It is safer to use the variable ./Python/pystate.c : _PyThreadState_Current , which indicates the structure of the executable stream (with some conditions taken into account). That is, to get to its interpreter, the code needs the structure of its stream, from which it is already possible to pull the interpreter. To access this variable (take the current value or change it, keeping the old one) there are functions that require GIL to work. This is important, and this is one of the problems that arise from the lack of thread safety in CPython. The value of the _PyThreadState_Current variable _PyThreadState_Current set in the structure of a new thread during Python initialization or during the creation of a new thread.

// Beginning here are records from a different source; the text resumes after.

(* Let $P(z) \in \mathbb{Z}[z]$ have degree at least $2$ with $P(0)=0$, and let $H(n,x,z) = \frac{P(z+nx) - P(z)}{x} \in \mathbb{Z}[n,x,z]$. For $n \in \mathbb{Z}_{\geq 0}$ define maps $\mathbb{Z}^3 \to \mathbb{Z}^3$ by $S_1(n)(x,y,z) = (x, y + H(n,x,z), z + nx)$ and $S_2(n)(x,y,z) = (x + H(n,y,z), y, z + ny)$, and let $\Gamma$ be the semigroup generated by $\{S_1(n), S_2(n) : n \geq 0\}$. Then each $S_i(n)$ preserves $F(x,y,z) = xy - P(z)$, and for every $v_0 = (x_0, y_0, z_0) \in \mathbb{Z}^3$ with $x_0 \neq 0$, the orbit $\Gamma v_0$ is hyperplane-fleeing.
   Context: A set $A \subset \mathbb{R}^d$ is hyperplane-fleeing if $A$ is not contained in any proper affine subspace (translate of a proper linear subspace) of $\mathbb{R}^d$. *)

theory Defs
  imports "HOL-Analysis.Analysis" "HOL-Computational_Algebra.Polynomial"
begin

text \<open>H(n,x,z) = (P(z+nx) - P(z))/x, computed as the exact quotient in Z[x]
  of the polynomial P(z + n X) - P(z) by X, for fixed integers n, z.\<close>
definition Hpoly :: "int poly \<Rightarrow> int \<Rightarrow> int \<Rightarrow> int \<Rightarrow> int" where
  "Hpoly P n x z = poly ((pcompose P [:z, n:] - [:poly P z:]) div [:0, 1:]) x"

definition S1 :: "int poly \<Rightarrow> nat \<Rightarrow> int \<times> int \<times> int \<Rightarrow> int \<times> int \<times> int" where
  "S1 P n v = (case v of (x, y, z) \<Rightarrow> (x, y + Hpoly P (int n) x z, z + int n * x))"

definition S2 :: "int poly \<Rightarrow> nat \<Rightarrow> int \<times> int \<times> int \<Rightarrow> int \<times> int \<times> int" where
  "S2 P n v = (case v of (x, y, z) \<Rightarrow> (x + Hpoly P (int n) y z, y, z + int n * y))"

definition Fform :: "int poly \<Rightarrow> int \<times> int \<times> int \<Rightarrow> int" where
  "Fform P v = (case v of (x, y, z) \<Rightarrow> x * y - poly P z)"

inductive_set Gamma :: "int poly \<Rightarrow> (int \<times> int \<times> int \<Rightarrow> int \<times> int \<times> int) set"
  for P :: "int poly" where
  gen1: "S1 P n \<in> Gamma P"
| gen2: "S2 P n \<in> Gamma P"
| comp: "f \<in> Gamma P \<Longrightarrow> g \<in> Gamma P \<Longrightarrow> f \<circ> g \<in> Gamma P"

definition orbit :: "int poly \<Rightarrow> int \<times> int \<times> int \<Rightarrow> (int \<times> int \<times> int) set" where
  "orbit P v0 = (\<lambda>g. g v0) ` Gamma P"

definition to_R3 :: "int \<times> int \<times> int \<Rightarrow> real ^ 3" where
  "to_R3 v = (case v of (x, y, z) \<Rightarrow> vector [real_of_int x, real_of_int y, real_of_int z])"

definition hyperplane_fleeing :: "('a::real_vector) set \<Rightarrow> bool" where
  "hyperplane_fleeing A \<longleftrightarrow>
     \<not> (\<exists>a L. subspace L \<and> L \<noteq> UNIV \<and> A \<subseteq> (\<lambda>x. a + x) ` L)"

end

theory Submission
  imports Defs
begin

text \<open>Both invariance claims reduce to the identity x \<cdot> H(n,x,z) = P(z + nx) - P(z).
  For fleeing, suppose a nonzero functional (c1,c2,c3) is constant on the orbit of (x0,y0,z0).
  Along the points S1(n)(x0,y0,z0) this says that c2 (P(z0 + n x0) - P(z0)) + c3 x0^2 n
  vanishes for all n; as P has degree at least 2 this forces c2 = c3 = 0.
  Then comparing a point S1(n)(x0,y0,z0) = (x0,y,z) with y \<noteq> 0 and its image
  under some S2(m) that moves the first coordinate gives c1 = 0.\<close>

lemma mult_Hpoly:
  fixes P :: "int poly"
  shows "x * Hpoly P n x z = poly P (z + n * x) - poly P z"
proof -
  define Q where "Q = pcompose P [:z, n:] - [:poly P z:]"
  have "poly Q 0 = 0" by (simp add: Q_def poly_pcompose)
  then have "[:0, 1:] dvd Q" using poly_eq_0_iff_dvd[of Q 0] by simp
  then have "[:0, 1:] * (Q div [:0, 1:]) = Q" by (rule dvd_mult_div_cancel)
  then have "poly ([:0, 1:] * (Q div [:0, 1:])) x = poly Q x" by simp
  then show ?thesis
    by (simp add: Hpoly_def Q_def poly_pcompose algebra_simps)
qed

lemma Hpoly_0 [simp]: "Hpoly P 0 x z = 0"
  by (simp add: Hpoly_def pcompose_pCons_0)

lemma Fform_S1: "Fform P (S1 P n v) = Fform P v"
  using mult_Hpoly[of "fst v" P "int n" "snd (snd v)"]
  by (cases v) (simp add: S1_def Fform_def algebra_simps)

lemma Fform_S2: "Fform P (S2 P n v) = Fform P v"
  using mult_Hpoly[of "fst (snd v)" P "int n" "snd (snd v)"]
  by (cases v) (simp add: S2_def Fform_def algebra_simps)

lemma poly_eq_0_if_roots_at_nats:
  fixes q :: "'a::{idom, ring_char_0} poly"
  assumes "\<And>n. poly q (of_nat n) = 0"
  shows "q = 0"
proof (rule ccontr)
  assume "q \<noteq> 0"
  then have "finite {x. poly q x = 0}" by (rule poly_roots_finite)
  moreover have "range (of_nat :: nat \<Rightarrow> 'a) \<subseteq> {x. poly q x = 0}" using assms by auto
  ultimately have "finite (range (of_nat :: nat \<Rightarrow> 'a))" by (rule finite_subset[rotated])
  then show False by (simp add: finite_image_iff inj_of_nat)
qed

lemma poly_map_poly_of_int:
  fixes p :: "int poly"
  shows "poly (map_poly of_int p) (of_int x :: 'a::comm_ring_1) = of_int (poly p x)"
  by (induction p) (simp_all add: map_poly_pCons)

lemma progression_difference_not_linear:
  fixes P :: "int poly" and c d :: real
  assumes deg: "degree P \<ge> 2" and a: "a \<noteq> 0"
    and vanish: "\<And>n::nat. c * of_int (poly P (b + int n * a) - poly P b) + d * real n = 0"
  shows "c = 0 \<and> d = 0"
proof -
  define R :: "real poly" where "R = map_poly of_int P"
  define D where "D = pcompose R [:of_int b, of_int a:] - [:poly R (of_int b):]"
  define q where "q = smult c D + [:0, d:]"
  have "poly q (of_nat n) = 0" for n
    using vanish[of n]
    by (simp add: q_def D_def R_def poly_pcompose poly_map_poly_of_int[symmetric] algebra_simps)
  then have "q = 0" by (rule poly_eq_0_if_roots_at_nats)
  have "degree R = degree P" unfolding R_def by (rule degree_map_poly) simp
  then have "degree (pcompose R [:of_int b, of_int a:]) = degree P"
    using a by (simp add: degree_pcompose)
  then have deg_D: "degree D = degree P"
    using deg unfolding D_def diff_conv_add_uminus by (subst degree_add_eq_left) auto
  have c0: "c = 0"
  proof (rule ccontr)
    assume "c \<noteq> 0"
    then have "degree q = degree P"
      unfolding q_def using deg_D deg
      by (subst degree_add_eq_left) (auto simp: degree_pCons_eq_if)
    with \<open>q = 0\<close> deg show False by simp
  qed
  moreover have "d = 0" using vanish[of 1] c0 by simp
  ultimately show ?thesis ..
qed

lemma Hpoly_not_identically_zero:
  fixes P :: "int poly"
  assumes "degree P \<ge> 2" and "x \<noteq> 0"
  obtains n where "Hpoly P (int n) x z \<noteq> 0"
proof -
  have "\<exists>n. Hpoly P (int n) x z \<noteq> 0"
  proof (rule ccontr)
    assume "\<nexists>n. Hpoly P (int n) x z \<noteq> 0"
    then have "1 * real_of_int (poly P (z + int n * x) - poly P z) + 0 * real n = 0" for n
      using mult_Hpoly[of x P "int n" z] by simp
    from progression_difference_not_linear[OF assms this] show False by simp
  qed
  with that show thesis by blast
qed

lemma hyperplane_fleeingI:
  fixes A :: "'a::euclidean_space set"
  assumes "\<And>c k. (\<And>x. x \<in> A \<Longrightarrow> c \<bullet> x = k) \<Longrightarrow> c = 0"
  shows "hyperplane_fleeing A"
  unfolding hyperplane_fleeing_def
proof
  assume "\<exists>a L. subspace L \<and> L \<noteq> UNIV \<and> A \<subseteq> (\<lambda>x. a + x) ` L"
  then obtain a L where L: "subspace L" "L \<noteq> UNIV" and A: "A \<subseteq> (\<lambda>x. a + x) ` L"
    by blast
  have "span L \<subset> span UNIV" using L by (metis span_UNIV span_eq_iff top.not_eq_extremum)
  then obtain c :: 'a where "c \<noteq> 0" and c: "\<And>y. y \<in> span L \<Longrightarrow> orthogonal c y"
    using orthogonal_to_subspace_exists_gen by metis
  have "c \<bullet> x = c \<bullet> a" if "x \<in> A" for x
  proof -
    obtain l where "l \<in> L" "x = a + l" using A \<open>x \<in> A\<close> by blast
    then show ?thesis using c[of l] by (simp add: span_base inner_add_right orthogonal_def)
  qed
  then have "c = 0" by (rule assms)
  with \<open>c \<noteq> 0\<close> show False ..
qed

lemma inner_to_R3 [simp]:
  "c \<bullet> to_R3 (x, y, z) = c$1 * of_int x + c$2 * of_int y + c$3 * of_int z"
  by (simp add: to_R3_def inner_vec_def sum_3)

lemma S1_in_orbit: "S1 P n v \<in> orbit P v"
  unfolding orbit_def by (rule image_eqI[of _ _ "S1 P n"]) (auto intro: Gamma.gen1)

lemma S2_S1_in_orbit: "S2 P m (S1 P n v) \<in> orbit P v"
  unfolding orbit_def
  by (rule image_eqI[of _ _ "S2 P m \<circ> S1 P n"]) (auto intro: Gamma.intros)

lemma level_along_S1_orbit:
  fixes P :: "int poly" and c :: "real^3"
  assumes deg: "degree P \<ge> 2" and x0: "x0 \<noteq> 0"
    and level: "\<And>n. c \<bullet> to_R3 (S1 P n (x0, y0, z0)) = k"
  shows "c$2 = 0" and "c$3 = 0"
proof -
  have "c$2 * real_of_int (poly P (z0 + int n * x0) - poly P z0) + (c$3 * x0\<^sup>2) * real n = 0"
    for n
  proof -
    have "c$2 * Hpoly P (int n) x0 z0 + c$3 * (int n * x0) = 0"
      using level[of n] level[of 0] by (simp add: S1_def algebra_simps)
    then have "c$2 * (x0 * Hpoly P (int n) x0 z0) + (c$3 * x0\<^sup>2) * real n = 0"
      by (simp add: algebra_simps power2_eq_square flip: distrib_left)
    then show ?thesis by (simp add: mult_Hpoly)
  qed
  from progression_difference_not_linear[OF deg x0 this] x0 show "c$2 = 0" "c$3 = 0" by auto
qed

lemma level_on_orbit_eq_0:
  fixes P :: "int poly" and c :: "real^3"
  assumes deg: "degree P \<ge> 2" and x0: "x0 \<noteq> 0"
    and level: "\<And>p. p \<in> orbit P (x0, y0, z0) \<Longrightarrow> c \<bullet> to_R3 p = k"
  shows "c = 0"
proof -
  have c2: "c$2 = 0" and c3: "c$3 = 0"
    using level_along_S1_orbit[OF deg x0 level[OF S1_in_orbit]] by auto
  have "\<exists>n. y0 + Hpoly P (int n) x0 z0 \<noteq> 0"
  proof (rule ccontr)
    assume "\<nexists>n. y0 + Hpoly P (int n) x0 z0 \<noteq> 0"
    then have all: "y0 + Hpoly P (int n) x0 z0 = 0" for n by simp
    have H: "Hpoly P (int n) x0 z0 = 0" for n using all[of 0] all[of n] by simp
    obtain n where "Hpoly P (int n) x0 z0 \<noteq> 0" by (rule Hpoly_not_identically_zero[OF deg x0])
    with H show False by simp
  qed
  then obtain n where "y0 + Hpoly P (int n) x0 z0 \<noteq> 0" ..
  define y where "y = y0 + Hpoly P (int n) x0 z0"
  define z where "z = z0 + int n * x0"
  have "y \<noteq> 0" using \<open>y0 + Hpoly P (int n) x0 z0 \<noteq> 0\<close> by (simp add: y_def)
  have S1: "S1 P n (x0, y0, z0) = (x0, y, z)" by (simp add: S1_def y_def z_def)
  obtain m where "Hpoly P (int m) y z \<noteq> 0"
    by (rule Hpoly_not_identically_zero[OF deg \<open>y \<noteq> 0\<close>])
  moreover have "c$1 * Hpoly P (int m) y z = 0"
    using level[OF S2_S1_in_orbit[of P m n]] level[OF S1_in_orbit[of P n]]
    by (simp add: S1 S2_def c2 c3 algebra_simps)
  ultimately show "c = 0" using c2 c3 by (simp add: vec_eq_iff forall_3)
qed

theorem mainTheorem4:
  fixes P :: "int poly"
  assumes "degree P \<ge> 2" and "poly P 0 = 0"
  shows "(\<forall>n v. Fform P (S1 P n v) = Fform P v \<and> Fform P (S2 P n v) = Fform P v)
       \<and> (\<forall>x0 y0 z0. x0 \<noteq> 0 \<longrightarrow> hyperplane_fleeing (to_R3 ` orbit P (x0, y0, z0)))"
proof (intro conjI allI impI)
  fix n v
  show "Fform P (S1 P n v) = Fform P v" by (rule Fform_S1)
  show "Fform P (S2 P n v) = Fform P v" by (rule Fform_S2)
next
  fix x0 y0 z0 :: int
  assume "x0 \<noteq> 0"
  show "hyperplane_fleeing (to_R3 ` orbit P (x0, y0, z0))"
  proof (rule hyperplane_fleeingI)
    fix c k
    assume "\<And>x. x \<in> to_R3 ` orbit P (x0, y0, z0) \<Longrightarrow> c \<bullet> x = k"
    then have "c \<bullet> to_R3 p = k" if "p \<in> orbit P (x0, y0, z0)" for p using that by blast
    then show "c = 0" by (rule level_on_orbit_eq_0[OF assms(1) \<open>x0 \<noteq> 0\<close>])
  qed
qed

end
(* For every $x>0$, $$\int_0^\infty\frac{\sin^2t}{(t+x)^2}\,dt<\frac{1}{2x}\qquad\text{and}\qquad\int_0^\infty\frac{|\sin t|}{(t+x)^2}\,dt<\frac{2}{\pi x}.$$ *)

theory Defs
  imports "HOL-Analysis.Analysis"
begin

end

theory Submission
  imports Defs
begin

text \<open>
  Both integrands are \<open>f t / (t + x)^2\<close> with \<open>f\<close> \<open>\<pi>\<close>-periodic of mean \<open>m\<close>
  (\<open>m = 1/2\<close> for \<open>sin\<^sup>2\<close>, \<open>m = 2/\<pi>\<close> for \<open>|sin|\<close>). Let \<open>F\<close> be an antiderivative of
  \<open>f - m\<close> on one period and \<open>P\<close> one of \<open>F\<close>, both vanishing at the ends of the period.
  Integrating by parts twice over \<open>[a, a + \<pi>]\<close> gives
  \<open>\<integral> f/(t+x)\<^sup>2 = m (1/(a+x) - 1/(a+\<pi>+x)) + 6 \<integral> P(t-a)/(t+x)\<^sup>4\<close>.
  In both cases \<open>P \<le> 0\<close>, so the periods telescope to a total of at most \<open>m/x\<close>, and the
  first period alone already falls short by \<open>6 \<integral>\<^sub>0\<^sup>\<pi> P / (\<pi>+x)\<^sup>4 < 0\<close>.
\<close>

lemma interval_integral_mono:
  fixes f g :: "real \<Rightarrow> real"
  assumes "a \<le> b"
    and "\<And>t. a \<le> t \<Longrightarrow> t \<le> b \<Longrightarrow> isCont f t" "\<And>t. a \<le> t \<Longrightarrow> t \<le> b \<Longrightarrow> isCont g t"
    and "\<And>t. a \<le> t \<Longrightarrow> t \<le> b \<Longrightarrow> f t \<le> g t"
  shows "(LBINT t=a..b. f t) \<le> (LBINT t=a..b. g t)"
  unfolding interval_integral_Icc[OF \<open>a \<le> b\<close>]
  using assms by (intro set_integral_mono borel_integrable_atLeastAtMost' continuous_at_imp_continuous_on) auto
(* Let $p$ be a prime with $p\equiv 1\pmod 8$, let $n$ be the least integer with $2^n>p$, let $N=2^n$, and let $\theta=\arccos\!\left(1-\frac{N}{p-1}\right)$. For $x\in\{0,1,\ldots,N-1\}$ let $x_0$ be the least significant bit of $x$ and let $f(x)=1$ if $0\le x<p$ and $\left(\frac{x}{p}\right)=-1$, and $f(x)=0$ otherwise. Define amplitudes $\alpha_x=\frac{1}{\sqrt N}e^{i\theta f(x)(1-2x_0)}$ for $0\le x<N$, let $\bar\alpha=\frac{1}{N}\sum_{x=0}^{N-1}\alpha_x$, and let $\beta_x=2\bar\alpha-\alpha_x$ (the result of inversion about the mean, as implemented by a Grover diffusion step). Then $\bar\alpha=\frac{1}{2\sqrt N}$, $\beta_x=\frac{1}{\sqrt N}\bigl(1-e^{i\theta f(x)(1-2x_0)}\bigr)$, $\beta_x=0$ whenever $f(x)=0$, and $|\beta_x|^2=\frac{2}{p-1}$ whenever $f(x)=1$. Consequently, measuring the state $\sum_x\beta_x|x\rangle$ in the computational basis yields a quadratic nonresidue modulo $p$ with probability $1$, uniformly distributed over the $\frac{p-1}{2}$ quadratic nonresidues in $\{1,\ldots,p-1\}$.
   Context: $\left(\frac{x}{p}\right)$ denotes the Legendre (Jacobi) symbol modulo the odd prime $p$: $1$ for quadratic residues, $-1$ for quadratic nonresidues, $0$ for $x\equiv 0\pmod p$. A quadratic nonresidue modulo $p$ is an integer $a$ coprime to $p$ such that $x^2\equiv a\pmod p$ has no solution. *)

theory Defs
  imports "HOL-Analysis.Analysis" "HOL-Number_Theory.Number_Theory"
begin

definition nbits :: "nat \<Rightarrow> nat" where
  "nbits p = (LEAST n::nat. 2^n > p)"

definition NN :: "nat \<Rightarrow> nat" where
  "NN p = 2 ^ nbits p"

definition theta :: "nat \<Rightarrow> real" where
  "theta p = arccos (1 - real (NN p) / (real p - 1))"

definition fq :: "nat \<Rightarrow> nat \<Rightarrow> nat" where
  "fq p x = (if x < p \<and> Legendre (int x) (int p) = -1 then 1 else 0)"

definition lsb :: "nat \<Rightarrow> nat" where
  "lsb x = x mod 2"

definition alpha :: "nat \<Rightarrow> nat \<Rightarrow> complex" where
  "alpha p x = complex_of_real (1 / sqrt (real (NN p))) *
     exp (\<i> * complex_of_real (theta p * real (fq p x) * (1 - 2 * real (lsb x))))"

definition alphabar :: "nat \<Rightarrow> complex" where
  "alphabar p = (\<Sum>x<NN p. alpha p x) / of_nat (NN p)"

definition beta :: "nat \<Rightarrow> nat \<Rightarrow> complex" where
  "beta p x = 2 * alphabar p - alpha p x"

end

theory Submission
  imports Defs
begin

(* Since p = 1 (mod 4), -1 is a square mod p, so x \<mapsto> p - x permutes the nonresidues in
   {1..p-1}; as p is odd it also flips the least significant bit. The phases e^(i\<theta>) and
   e^(-i\<theta>) of the marked states therefore pair up, and the mean amplitude is
   ((p-1)/2 * cos \<theta> + N - (p-1)/2) / (N sqrt N). The choice cos \<theta> = 1 - N/(p-1) makes this
   1/(2 sqrt N), so inversion about the mean cancels every unmarked amplitude and leaves
   each of the (p-1)/2 nonresidues (squaring is two-to-one on the units) with probability
   |1 - e^(\<plusminus>i\<theta>)|^2 / N = (2 - 2 cos \<theta>)/N = 2/(p-1). *)

definition nonresidues :: "nat \<Rightarrow> nat set" where
  "nonresidues p = {x \<in> {1..p-1}. \<not> QuadRes (int p) (int x)}"

lemma QuadRes_mult: "QuadRes m a \<Longrightarrow> QuadRes m b \<Longrightarrow> QuadRes m (a * b)"
  unfolding QuadRes_def by (metis cong_mult power_mult_distrib)

lemma QuadRes_minus_one:
  assumes p: "prime p" and "p mod 4 = 1"
  shows "QuadRes (int p) (-1)"
proof (rule ccontr)
  assume "\<not> QuadRes (int p) (-1)"
  moreover have "\<not> [-1 = 0] (mod int p)"
    using prime_gt_1_nat[OF p] by (simp add: cong_0_iff)
  ultimately have "Legendre (-1) (int p) = -1"
    unfolding Legendre_def by simp
  moreover have "2 < p" "even ((p - 1) div 2)"
    using prime_ge_2_nat[OF p] \<open>p mod 4 = 1\<close> by presburger+
  ultimately have "[-1 = 1] (mod int p)"
    using euler_criterion[OF p, of "-1"] by simp
  then have "int p dvd 2"
    by (simp add: cong_iff_dvd_diff)
  with \<open>2 < p\<close> show False
    by (auto dest: zdvd_imp_le)
qed

lemma nonresidue_reflect:
  assumes "prime p" "p mod 4 = 1" "x \<in> nonresidues p"
  shows "p - x \<in> nonresidues p"
proof -
  have x: "1 \<le> x" "x < p" "\<not> QuadRes (int p) (int x)"
    using assms(3) prime_gt_1_nat[OF assms(1)] unfolding nonresidues_def by auto
  have "\<not> QuadRes (int p) (int (p - x))"
  proof
    assume "QuadRes (int p) (int (p - x))"
    then have "QuadRes (int p) (-1 * int (p - x))"
      using QuadRes_mult QuadRes_minus_one[OF assms(1,2)] by blast
    moreover have "[-1 * int (p - x) = int x] (mod int p)"
      using x by (simp add: cong_iff_dvd_diff)
    ultimately show False
      using x(3) unfolding QuadRes_def by (meson cong_trans)
  qed
  then show ?thesis
    using x unfolding nonresidues_def by auto
qed

lemma prime_cong_squaresD:
  fixes x y :: int
  assumes "prime p" "[x\<^sup>2 = y\<^sup>2] (mod p)"
  shows "[x = y] (mod p) \<or> [x = - y] (mod p)"
proof -
  have "p dvd (x - y) * (x + y)"
    using assms(2) by (simp add: cong_iff_dvd_diff power2_eq_square algebra_simps)
  then show ?thesis
    using assms(1) by (auto simp: prime_dvd_mult_iff cong_iff_dvd_diff)
qed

When the Python thread first starts after the initial load, it relies on the fact that: a) it holds the GIL and b) the value of the _PyThreadState_Current variable _PyThreadState_Current correct. At this point, the stream should not give up GIL. First, it must save _PyThreadState_Current , so that the next time you capture the GIL, you can restore the desired value of the variable and continue working. Due to this behavior, _PyThreadState_Current always points to the currently executing thread. To implement this behavior, there are macros Py_BEGIN_ALLOW_THREADS and Py_END_ALLOW_THREADS . You can talk for hours about GIL and the API for working with it , and it would be interesting to compare CPython with other implementations (for example, Jython or IronPython, in which threads run simultaneously). But let's postpone this topic for now.

In the diagram, I have indicated the connections between the structures of one process, in which two interpreters are running with two threads each, which refer to their frame stacks.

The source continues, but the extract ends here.